Голоса отсчитывают минуты.
Ножи.
Иглы.
Кажется, я засыпаю.
Меня поднимают, как ребенка, нежно вытирают и кладут лицом вниз на клавесин. Моя голова обращена к клавишам. Когда мужчины говорят, струны откликаются на их голоса. Мне тоже хочется запеть, но это невозможно. Теперь для этого нужно сделать невероятное усилие. Мне даже не представляется, что когда-то я мог открывать рот и производить звуки.
Каждый раз, когда я почти засыпаю на теплой простыне, меня будит прикосновение холодной руки. Мне приходит в голову, что эти мужчины (даже несмотря на то, что один из них — Ульрих) не должны меня трогать. Так трогать. Это прикосновения, к которым я совсем не привык: руки Ульриха подстегивали только мой голос.
Я думаю: Позову Николая. Я думаю: Николай скажет им, чтобы они убрали от меня свои руки. Но его здесь нет. Холодные руки приподнимают меня и подсовывают мне под бедра полотенца, так что мой зад приподнимается вверх. Они раздвигают мои ноги так широко, что мне кажется: сейчас меня разорвут пополам. Они делают мне больно, но я не могу сказать ни слова. Я издаю стон. Они привязывают меня за щиколотки, так что я не могу сомкнуть ноги.

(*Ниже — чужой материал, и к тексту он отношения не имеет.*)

(* In the setting below, let $\mathbf{L}^+$ and $\mathbf{L}^-$ be two parabolic Higgs line bundles over $\mathbb{C}\mathbb{P}^1$ which are trivial as holomorphic line bundles, with discrete data $S$ and $S^c$ respectively. Then any extension $0\to\mathbf{L}^+\to\mathbf{E}\to\mathbf{L}^-\to0$ of PHBs is $\Delta^+$-unstable, and it is $\Delta^-$-stable if and only if it is not split.
   Context: Fix distinct $x_1,\dots,x_n\in\mathbb{C}\mathbb{P}^1$. Weights $\beta=(\beta_1(x_i),\beta_2(x_i))_i$ with $0\le\beta_1(x_i)<\beta_2(x_i)<1$ form the weight space $Q$; $\varepsilon_T(\alpha)=\sum_{i\in T}\alpha_i-\sum_{i\notin T}\alpha_i$ for $\alpha=\beta_2-\beta_1$. Walls: intersections of $Q$ with hyperplanes $\varepsilon_T(\beta_2-\beta_1)=0$; chambers: components of the complement. PHBs are rank-2 parabolic Higgs bundles $(E,\Phi)$ over $\mathbb{C}\mathbb{P}^1$, trivial as holomorphic bundles, with fixed determinant and trace-free Higgs field ($E$ has a line $E_{x_i,2}\subset E_{x_i}$ at each $x_i$ with weights $\beta_1(x_i)<\beta_2(x_i)$; $\Phi$ a meromorphic $\mathrm{End}_0(E)\otimes K_{\mathbb{C}\mathbb{P}^1}$-valued section with at most simple poles at the $x_i$, residues mapping $E_{x_i}$ into $E_{x_i,2}$ and killing $E_{x_i,2}$). A parabolic Higgs line bundle has at each $x_i$ a weight equal to $\beta_1(x_i)$ or $\beta_2(x_i)$; its discrete data is the set of $i$ with weight $\beta_2(x_i)$ (for a subbundle $L\subset E$ this is $\{i:L_{x_i}=E_{x_i,2}\}$; the quotient gets the complementary weights). $(E,\Phi)$ is $\beta$-stable iff every $\Phi$-invariant line subbundle $L$ with discrete data $S_L$ has $\varepsilon_{S_L}(\beta_2-\beta_1)<0$. Fix a point of $Q$ on exactly one wall $W$ with adjacent chambers $\Delta^\pm$, and let $S$ be the index set of $W$ normalized so that $\varepsilon_S(\beta_2-\beta_1)>0$ on $\Delta^+$; $\Delta^\pm$-stable means stable for weights in $\Delta^\pm$. *)

theory Defs
  imports "HOL-Analysis.Analysis"
begin

text \<open>Marked points are indexed by a finite type 'n (so n = CARD('n)).
Since every PHB is holomorphically trivial, E = C^2 x CP^1; a fibre line
E_{x_i,2} is a complex line in C^2.  A trace-free Higgs field on the trivial
bundle with at most simple poles at the x_i is determined by its residues
A_i in sl_2(C), subject only to the residue theorem: sum of the A_i is 0.\<close>

type_synonym vec2 = "complex^2"
type_synonym mat2 = "complex^2^2"

definition cline :: "vec2 \<Rightarrow> vec2 set" where
  "cline v = {c *s v | c. True}"

definition is_line :: "vec2 set \<Rightarrow> bool" where
  "is_line L \<longleftrightarrow> (\<exists>v. v \<noteq> 0 \<and> L = cline v)"

record 'n phb =
  flag  :: "'n \<Rightarrow> vec2 set"   (* E_{x_i,2}, the line with the larger weight *)
  resid :: "'n \<Rightarrow> mat2"

definition is_PHB :: "'n::finite phb \<Rightarrow> bool" where
  "is_PHB E \<longleftrightarrow>
     (\<forall>i. is_line (flag E i)
        \<and> trace (resid E i) = 0
        \<and> (\<forall>v. resid E i *v v \<in> flag E i)
        \<and> (\<forall>v\<in>flag E i. resid E i *v v = 0))
     \<and> (\<Sum>i\<in>UNIV. resid E i) = 0"

text \<open>Line subbundles of the trivial bundle of degree 0 are constant lines L;
L is Phi-invariant iff every residue preserves L.\<close>
definition invariant :: "'n::finite phb \<Rightarrow> vec2 set \<Rightarrow> bool" where
  "invariant E L \<longleftrightarrow> (\<forall>i. \<forall>v\<in>L. resid E i *v v \<in> L)"

definition disc :: "'n::finite phb \<Rightarrow> vec2 set \<Rightarrow> 'n set" where
  "disc E L = {i. L = flag E i}"

type_synonym 'n weight = "(real^'n) \<times> (real^'n)"

definition alpha :: "'n::finite weight \<Rightarrow> real^'n" where
  "alpha \<beta> = snd \<beta> - fst \<beta>"

definition eps :: "'n::finite set \<Rightarrow> real^'n \<Rightarrow> real" where
  "eps T a = (\<Sum>i\<in>T. a $ i) - (\<Sum>i\<in>-T. a $ i)"

definition Q :: "'n::finite weight set" where
  "Q = {\<beta>. \<forall>i. 0 \<le> fst \<beta> $ i \<and> fst \<beta> $ i < snd \<beta> $ i \<and> snd \<beta> $ i < 1}"

definition wall :: "'n::finite set \<Rightarrow> 'n weight set" where
  "wall T = Q \<inter> {\<beta>. eps T (alpha \<beta>) = 0}"

definition chamber :: "'n::finite weight set \<Rightarrow> bool" where
  "chamber D \<longleftrightarrow> (\<exists>p \<in> Q - (\<Union>T. wall T).
       D = connected_component_set (Q - (\<Union>T. wall T)) p)"

definition stable :: "'n::finite weight \<Rightarrow> 'n phb \<Rightarrow> bool" where
  "stable \<beta> E \<longleftrightarrow>
     (\<forall>L. is_line L \<and> invariant E L \<longrightarrow> eps (disc E L) (alpha \<beta>) < 0)"

text \<open>An extension 0 -> L+ -> E -> L- -> 0 with L+, L- trivial of discrete data
S and -S: a Phi-invariant (degree-0) line subbundle L of E with discrete data S;
the quotient then automatically carries the complementary data -S.\<close>
definition is_extension :: "'n::finite set \<Rightarrow> 'n phb \<Rightarrow> vec2 set \<Rightarrow> bool" where
  "is_extension S E L \<longleftrightarrow> is_PHB E \<and> is_line L \<and> invariant E L \<and> disc E L = S"

text \<open>Split: E is the direct sum of L and a Phi-invariant complement M which,
with the induced structure, is isomorphic to L- (discrete data -S).\<close>
definition split_ext :: "'n::finite set \<Rightarrow> 'n phb \<Rightarrow> vec2 set \<Rightarrow> bool" where
  "split_ext S E L \<longleftrightarrow>
     (\<exists>M. is_line M \<and> M \<inter> L = {0} \<and> invariant E M \<and> disc E M = -S)"

end

theory Submission imports Defs begin

text \<open>The line L has discrete data S, so it destabilizes E exactly where eps S > 0, i.e. on
\<Delta>+. On \<Delta>-, the invariant lines other than L are the candidates. Their discrete data is
disjoint from S; if it is all of -S the line is a splitting, and it destabilizes E on \<Delta>-.
Otherwise its data is a proper subset of -S, so at the wall point p0 (where eps S = 0 and
all \<alpha>_i > 0) its eps-value is strictly below eps (-S) = 0. Since a chamber meets no wall,
eps T is nonvanishing on it, and a chamber adjacent to p0 inherits the sign at p0.\<close>

lemma cline_eq_of_mem:
  assumes "u \<noteq> 0" "u \<in> cline v"
  shows "cline v = cline u"
proof -
  obtain c where u: "u = c *s v" using assms(2) unfolding cline_def by auto
  with assms(1) have "c \<noteq> 0" by auto
  show ?thesis unfolding cline_def
  proof (intro set_eqI iffI)
    fix x assume "x \<in> {d *s v |d. True}"
    then obtain d where "x = d *s v" by auto
    with u \<open>c \<noteq> 0\<close> have "x = (d / c) *s u" by (simp add: vector_smult_assoc)
    thus "x \<in> {d *s u |d. True}" by blast
  next
    fix x assume "x \<in> {d *s u |d. True}"
    then obtain d where "x = d *s u" by auto
    with u have "x = (d * c) *s v" by (simp add: vector_smult_assoc)
    thus "x \<in> {d *s v |d. True}" by blast
  qed
qed

lemma is_line_Int_eq_zero:
  assumes "is_line L" "is_line M" "L \<noteq> M"
  shows "L \<inter> M = {0}"
proof -
  obtain v where v: "L = cline v" using assms(1) unfolding is_line_def by blast
  obtain w where w: "M = cline w" using assms(2) unfolding is_line_def by blast
  have "u = 0" if "u \<in> L" "u \<in> M" for u
    using that cline_eq_of_mem[of u v] cline_eq_of_mem[of u w] v w assms(3) by auto
  moreover have "0 \<in> L \<inter> M" using v w unfolding cline_def by (auto intro: exI[of _ 0])
  ultimately show ?thesis by blast
qed

lemma eps_Compl: "eps (- T) a = - eps T a"
  unfolding eps_def by simp

lemma eps_strict_mono:
  fixes a :: "real^'n::finite"
  assumes "T \<subset> U" "\<And>i. a $ i > 0"
  shows "eps T a < eps U a"
proof -
  obtain j where j: "j \<in> U - T" using assms(1) by blast
  have "(\<Sum>i\<in>U - T. a $ i) > 0"
    using j assms(2) by (intro sum_pos2[of _ j]) (auto simp: less_imp_le)
  hence "(\<Sum>i\<in>T. a $ i) < (\<Sum>i\<in>U. a $ i)"
    using assms(1) by (simp add: sum.subset_diff[of T U])
  moreover have "(\<Sum>i\<in>-T. a $ i) > (\<Sum>i\<in>-U. a $ i)"
    using \<open>(\<Sum>i\<in>U - T. a $ i) > 0\<close> assms(1)
    by (simp add: sum.subset_diff[of "-U" "-T"] Diff_Compl double_compl Int_commute Diff_eq)
  ultimately show ?thesis unfolding eps_def by simp
qed

lemma connected_nonvanishing_neg_of_closure:
  fixes f :: "'a::topological_space \<Rightarrow> real"
  assumes cont: "continuous_on UNIV f" and "connected D" and nz: "\<And>x. x \<in> D \<Longrightarrow> f x \<noteq> 0"
    and p: "p \<in> closure D" "f p < 0"
  shows "\<forall>x\<in>D. f x < 0"
proof (rule ccontr)
  assume "\<not> (\<forall>x\<in>D. f x < 0)"
  then obtain b where b: "b \<in> D" "f b > 0" using nz by (meson linorder_neqE_linordered_idom)
  have conn: "connected (f ` D)"
    using connected_continuous_image[OF continuous_on_subset[OF cont] \<open>connected D\<close>] by simp
  have nonneg: "f x \<ge> 0" if x: "x \<in> D" for x
  proof (rule ccontr)
    assume "\<not> f x \<ge> 0"
    hence "0 \<in> f ` D"
      using connectedD_interval[OF conn, of "f x" "f b" 0] x b by auto
    with nz show False by auto
  qed
  have "closed {x. 0 \<le> f x}"
    using closed_Collect_le[OF continuous_on_const cont] by simp
  hence "closure D \<subseteq> {x. 0 \<le> f x}" using nonneg by (intro closure_minimal) auto
  with p show False by auto
qed

lemma chamber_nonempty:
  assumes "chamber D"
  shows "D \<noteq> {}"
proof -
  obtain p where p: "p \<in> Q - (\<Union>T. wall T)" and D: "D = connected_component_set (Q - (\<Union>T. wall T)) p"
    using assms unfolding chamber_def by blast
  have "p \<in> D" using p D by (simp add: connected_component_refl)
  thus ?thesis by blast
qed

lemma chamber_eps_nonzero:
  assumes "chamber D" "\<beta> \<in> D"
  shows "eps T (alpha \<beta>) \<noteq> 0"
proof -
  obtain p where "D = connected_component_set (Q - (\<Union>T. wall T)) p"
    using assms(1) unfolding chamber_def by blast
  with assms(2) have "\<beta> \<in> Q - (\<Union>T. wall T)" using connected_component_subset by blast
  hence "\<beta> \<notin> wall T" by blast
  with \<open>\<beta> \<in> Q - (\<Union>T. wall T)\<close> show ?thesis unfolding wall_def by blast
qed

lemma chamber_eps_neg_of_closure:
  assumes "chamber D" "p \<in> closure D" "eps T (alpha p) < 0"
  shows "\<forall>\<beta>\<in>D. eps T (alpha \<beta>) < 0"
proof (rule connected_nonvanishing_neg_of_closure[where f="\<lambda>\<beta>. eps T (alpha \<beta>)"])
  show "continuous_on UNIV (\<lambda>\<beta>::'a weight. eps T (alpha \<beta>))"
    unfolding eps_def alpha_def by (intro continuous_intros)
  show "connected D" using assms(1) unfolding chamber_def by auto
qed (use assms chamber_eps_nonzero in auto)

lemma nonsplit_other_line_eps_neg:
  assumes ext: "is_extension S E L" and nonsplit: "\<not> split_ext S E L"
    and L': "is_line L'" "invariant E L'" "L' \<noteq> L"
    and wall: "eps S a = 0" and pos: "\<And>i. a $ i > 0"
  shows "eps (disc E L') a < 0"
proof -
  have "disc E L' \<subseteq> -S"
    using ext L'(3) unfolding is_extension_def disc_def by auto
  moreover have "disc E L' \<noteq> -S"
    using nonsplit L' is_line_Int_eq_zero[of L' L] ext
    unfolding split_ext_def is_extension_def by blast
  ultimately have "eps (disc E L') a < eps (-S) a" using pos by (intro eps_strict_mono) auto
  thus ?thesis using wall by (simp add: eps_Compl)
qed

theorem mainTheorem7:
  fixes p0 :: "'n::finite weight" and S :: "'n set"
    and Dp Dm :: "'n weight set" and E :: "'n phb" and L :: "vec2 set"
  assumes "p0 \<in> Q"
    and "{W. (\<exists>T. W = wall T) \<and> p0 \<in> W} = {wall S}"
    and "chamber Dp" and "p0 \<in> closure Dp" and "\<forall>\<beta>\<in>Dp. eps S (alpha \<beta>) > 0"
    and "chamber Dm" and "p0 \<in> closure Dm" and "\<forall>\<beta>\<in>Dm. eps S (alpha \<beta>) < 0"
    and "is_extension S E L"
  shows "(\<forall>\<beta>\<in>Dp. \<not> stable \<beta> E) \<and> ((\<forall>\<beta>\<in>Dm. stable \<beta> E) \<longleftrightarrow> \<not> split_ext S E L)"
proof -
  have L: "is_line L" "invariant E L" "disc E L = S"
    using assms(9) unfolding is_extension_def by auto
  have on_wall: "eps S (alpha p0) = 0" using assms(2) unfolding wall_def by blast
  have alpha_pos: "alpha p0 $ i > 0" for i using assms(1) unfolding Q_def alpha_def by auto
  have unstable_Dp: "\<forall>\<beta>\<in>Dp. \<not> stable \<beta> E"
    using assms(5) L unfolding stable_def by force
  have "\<not> (\<forall>\<beta>\<in>Dm. stable \<beta> E)" if split: "split_ext S E L"
  proof -
    obtain M where M: "is_line M" "invariant E M" "disc E M = -S"
      using split unfolding split_ext_def by blast
    obtain \<beta> where "\<beta> \<in> Dm" using chamber_nonempty[OF assms(6)] by blast
    with M assms(8) show ?thesis unfolding stable_def by (force simp: eps_Compl)
  qed
  moreover have "\<forall>\<beta>\<in>Dm. stable \<beta> E" if nonsplit: "\<not> split_ext S E L"
    unfolding stable_def
  proof (intro ballI allI impI, elim conjE)
    fix \<beta> L' assume \<beta>: "\<beta> \<in> Dm" and L': "is_line L'" "invariant E L'"
    show "eps (disc E L') (alpha \<beta>) < 0"
    proof (cases "L' = L")
      case True
      with \<beta> L(3) assms(8) show ?thesis by simp
    next
      case False
      with nonsplit L' have "eps (disc E L') (alpha p0) < 0"
        using nonsplit_other_line_eps_neg[OF assms(9)] on_wall alpha_pos by blast
      with \<beta> show ?thesis using chamber_eps_neg_of_closure[OF assms(6,7)] by blast
    qed
  qed
  ultimately show ?thesis using unstable_Dp by blast
qed

end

Я чувствую, как они трогают меня там, где даже Ульрих никогда не смел ко мне прикасаться.
Мои руки все еще свободны, и я сжимаю их в кулаки. Я плачу.
Меня начинает тошнить.
В воздухе появляется какой-то запах, похожий на что-то… Свежее? Кислое? Я не могу разобрать. Что-то холодное и влажное прикасается к моим бедрам, между ног. Оно массирует мне яички, и от этого мое горло сжимается от рвотного позыва. Я не хочу, чтобы меня трогали там! Струны клавесина издают подо мной звуки, но в этих звуках нет логики. Мне нужен мой голос, хочу сказать я. Не забирайте его. Это единственное, что делает меня чистым. Но выходит только: «Нет, не-е-ет», как будто я оплакиваю кого-то.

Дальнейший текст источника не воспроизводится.